■ **Directions for this task**
Check every line of the material below for "assumes". Give the number of lines that have it, and only that.

■ **Records for processing**
lemma integral_le_powr_split:
  fixes w :: "'a \<Rightarrow> real"
  assumes w[measurable]: "w \<in> borel_measurable M" and w_nonneg: "AE x in M. 0 \<le> w x"
    and B[measurable]: "B \<in> sets M" and B_fin: "emeasure M B < \<infinity>"
    and t: "0 < t" and S: "1 \<le> S"
    and Q: "set_nn_integral M B (\<lambda>x. ennreal (w x powr S)) \<le> ennreal Q" "0 \<le> Q"
  shows "(LINT x|M. w x * indicator B x) \<le> t powr (1 - S) * Q + t * measure M B"
proof -
  have "AE x in M. ennreal (w x * indicator B x)
      \<le> ennreal (t powr (1 - S)) * (ennreal (w x powr S) * indicator B x) + ennreal t * indicator B x"
    using w_nonneg
  proof (rule AE_mp, intro AE_I2 impI)
    fix x assume "0 \<le> w x"
    then have "ennreal (w x) \<le> ennreal (t powr (1 - S) * w x powr S + t)"
      using t S by (intro ennreal_leI le_powr_split)
    then show "ennreal (w x * indicator B x)
        \<le> ennreal (t powr (1 - S)) * (ennreal (w x powr S) * indicator B x) + ennreal t * indicator B x"
      using t by (simp add: indicator_def ennreal_plus ennreal_mult)
  qed
  then have "(\<integral>\<^sup>+ x. ennreal (w x * indicator B x) \<partial>M)
      \<le> ennreal (t powr (1 - S)) * set_nn_integral M B (\<lambda>x. ennreal (w x powr S)) + ennreal t * emeasure M B"
    by (auto dest!: nn_integral_mono_AE simp: nn_integral_add nn_integral_cmult)
  also have "\<dots> \<le> ennreal (t powr (1 - S) * Q + t * measure M B)"
    using Q t B_fin
    by (auto simp: ennreal_plus ennreal_mult emeasure_eq_ennreal_measure intro!: add_mono mult_left_mono)
  finally have "(\<integral>\<^sup>+ x. ennreal (w x * indicator B x) \<partial>M) \<le> ennreal (t powr (1 - S) * Q + t * measure M B)" .
  moreover have "(LINT x|M. w x * indicator B x) = enn2real (\<integral>\<^sup>+ x. ennreal (w x * indicator B x) \<partial>M)"
    using w_nonneg by (intro integral_eq_nn_integral) (auto elim!: AE_mp)
  ultimately show ?thesis
    using Q t by (metis enn2real_ennreal enn2real_mono ennreal_less_top add_nonneg_nonneg
        measure_nonneg mult_nonneg_nonneg powr_ge_zero less_imp_le)
qed

text \<open>The level \<open>t = R^\<alpha>\<close> with \<open>\<alpha> = (\<lambda> - N) / S\<close> makes both terms of the split bound of
  order \<open>R^(\<alpha> + N)\<close>.\<close>

lemma ball_weight_integral_le:
  fixes w :: "'a::euclidean_space \<Rightarrow> real" and S C R lam p :: real
  assumes w: "loc_integrable w" "AE x in lebesgue. 0 < w x"
    and S: "1 \<le> S" and C: "0 \<le> C" and R: "1 \<le> R"
    and growth: "set_nn_integral lebesgue (ball 0 (2 * R)) (\<lambda>x. ennreal (w x powr S))
                 \<le> ennreal (C * R powr lam)"
  shows "(LINT x|lebesgue. w x * indicator (ball 0 (2 * R)) x) / R powr (p + DIM('a))
    \<le> (C + unit_ball_vol DIM('a) * 2 ^ DIM('a)) * R powr ((lam - DIM('a)) / S - p)"
proof -
  define N where "N = DIM('a)"
  define \<alpha> where "\<alpha> = (lam - N) / S"
  have "\<alpha> * (1 - S) + lam = \<alpha> + N" using S by (simp add: \<alpha>_def field_simps)
  then have first: "(R powr \<alpha>) powr (1 - S) * R powr lam = R powr (\<alpha> + N)"
    by (simp only: powr_powr powr_add[symmetric])
  have second: "R powr \<alpha> * (2 * R) ^ N = 2 ^ N * R powr (\<alpha> + N)"
    using R by (simp add: power_mult_distrib powr_add powr_realpow)
  have "(LINT x|lebesgue. w x * indicator (ball 0 (2 * R)) x)
      \<le> (R powr \<alpha>) powr (1 - S) * (C * R powr lam) + R powr \<alpha> * measure lebesgue (ball (0::'a) (2 * R))"
    using growth S C R w(2)
    by (intro integral_le_powr_split loc_integrable_borel_measurable[OF w(1)])
      (use emeasure_lborel_ball_finite in \<open>auto elim!: AE_mp\<close>)
  also have "\<dots> = C * ((R powr \<alpha>) powr (1 - S) * R powr lam) + unit_ball_vol N * (R powr \<alpha> * (2 * R) ^ N)"
    using measure_lebesgue_ball_0[where 'a='a, of "2 * R"] R by (simp add: N_def algebra_simps)
  also have "\<dots> = (C + unit_ball_vol N * 2 ^ N) * (R powr (\<alpha> - p) * R powr (p + N))"
    unfolding first second by (simp add: algebra_simps flip: powr_add)
  finally show ?thesis using R by (simp add: divide_le_eq N_def \<alpha>_def)
qed

lemma ball_weight_integral_decay:
  fixes w :: "'a::euclidean_space \<Rightarrow> real" and S C lam p :: real
  assumes w: "loc_integrable w" "AE x in lebesgue. 0 < w x"
    and S: "1 \<le> S" and lam: "lam < p * S" and C: "0 \<le> C"
    and growth: "\<forall>R\<ge>1. set_nn_integral lebesgue (ball 0 (2 * R)) (\<lambda>x. ennreal (w x powr S))
                 \<le> ennreal (C * R powr lam)"
  shows "((\<lambda>R. (LINT x|lebesgue. w x * indicator (ball 0 (2 * R)) x) / R powr (p + DIM('a)))
    \<longlongrightarrow> 0) at_top"
proof (rule tendsto_sandwich[OF _ _ tendsto_const])
  show "\<forall>\<^sub>F R in at_top. 0 \<le> (LINT x|lebesgue. w x * indicator (ball 0 (2 * R)) x) / R powr (p + DIM('a))"
  proof (rule always_eventually, rule allI)
    show "0 \<le> (LINT x|lebesgue. w x * indicator (ball 0 (2 * R)) x) / R powr (p + DIM('a))" for R
      using w(2) by (intro divide_nonneg_nonneg integral_nonneg_AE) (auto elim!: AE_mp)
  qed
  show "\<forall>\<^sub>F R in at_top. (LINT x|lebesgue. w x * indicator (ball 0 (2 * R)) x) / R powr (p + DIM('a))
      \<le> (C + unit_ball_vol DIM('a) * 2 ^ DIM('a)) * R powr ((lam - DIM('a)) / S - p)"
    using eventually_ge_at_top[of 1]
    by (rule eventually_mono) (simp add: ball_weight_integral_le[OF w S C] growth)
  have "(lam - DIM('a)) / S < p" using S lam by (simp add: divide_less_eq)
  then show "((\<lambda>R. (C + unit_ball_vol DIM('a) * 2 ^ DIM('a)) * R powr ((lam - DIM('a)) / S - p))
      \<longlongrightarrow> 0) at_top"
    by (intro tendsto_mult_right_zero tendsto_neg_powr filterlim_ident) simp
qed

theorem theorem3p2:
  fixes w g :: "'a::euclidean_space \<Rightarrow> real" and p \<delta> \<gamma> lam C :: real
  assumes "p \<ge> 2"
    and "loc_integrable w" and "loc_integrable g"
    and "AE x in lebesgue. w x > 0" and "AE x in lebesgue. g x > 0"
    and "\<exists>M. AE x in lebesgue. \<bar>1 / g x\<bar> \<le> M"
    and "0 < \<delta>" and "\<delta> < \<gamma>" and "class_Pa \<delta> p"
    and "lam > 0" and "C > 0" and "lam < p * S_pa \<delta> p"
    and "\<forall>R\<ge>1. set_nn_integral lebesgue (ball 0 (2 * R)) (\<lambda>x. ennreal (w x powr S_pa \<delta> p))
                 \<le> ennreal (C * R powr lam)"
  shows "\<not> (\<exists>u. C1 u \<and> (\<forall>x. 0 < u x \<and> u x \<le> 1) \<and> weak_sol w g \<delta> \<gamma> p u \<and> stable_sol w g \<delta> \<gamma> p u)"
proof
  assume "\<exists>u. C1 u \<and> (\<forall>x. 0 < u x \<and> u x \<le> 1) \<and> weak_sol w g \<delta> \<gamma> p u \<and> stable_sol w g \<delta> \<gamma> p u"
  then obtain u Gu where u: "\<And>x. 0 < u x \<and> u x \<le> 1" and weak: "weak_sol w g \<delta> \<gamma> p u"
    and Gu_cont: "continuous_on UNIV Gu" and du: "\<And>x. (u has_derivative (\<lambda>h. Gu x \<bullet> h)) (at x)"
    unfolding C1_def by blast
  obtain B where "AE x in lebesgue. \<bar>1 / g x\<bar> \<le> B" using assms(6) by blast
  from AE_bounded_reciprocal_imp_ge[OF this assms(5)]
  have gM: "AE x in lebesgue. 1 / max B 1 \<le> g x" .
  define m where "m = nat \<lceil>p\<rceil>"
  have mp: "p \<le> real m" unfolding m_def by linarith
  have "((\<lambda>R. (2 * real m) powr p * ((LINT x|lebesgue. w x * indicator (ball 0 (2 * R)) x)
      / R powr (p + DIM('a)))) \<longlongrightarrow> 0) at_top"
    using S_pa_gt_1[OF assms(9,7,1)] assms(11,12,13,2,4)
    by (intro tendsto_mult_right_zero ball_weight_integral_decay) auto
  moreover have "\<forall>\<^sub>F R in at_top. 2 / max B 1 * (3 / 4) ^ m * unit_ball_vol DIM('a)
      \<le> (2 * real m) powr p * ((LINT x|lebesgue. w x * indicator (ball 0 (2 * R)) x) / R powr (p + DIM('a)))"
    using eventually_gt_at_top[of 0] by (rule eventually_mono)
      (rule weak_sol_energy_estimate[OF assms(2,4,3) gM _ Gu_cont du u weak _ _ assms(1) mp],
        use assms(7,8) in auto)
  ultimately have "2 / max B 1 * (3 / 4) ^ m * unit_ball_vol DIM('a) \<le> 0"
    by (rule tendsto_lowerbound) simp
  moreover have "0 < 2 / max B 1 * (3 / 4) ^ m * unit_ball_vol DIM('a)" by simp
  ultimately show False by linarith
qed

end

■ **Problem solution**
4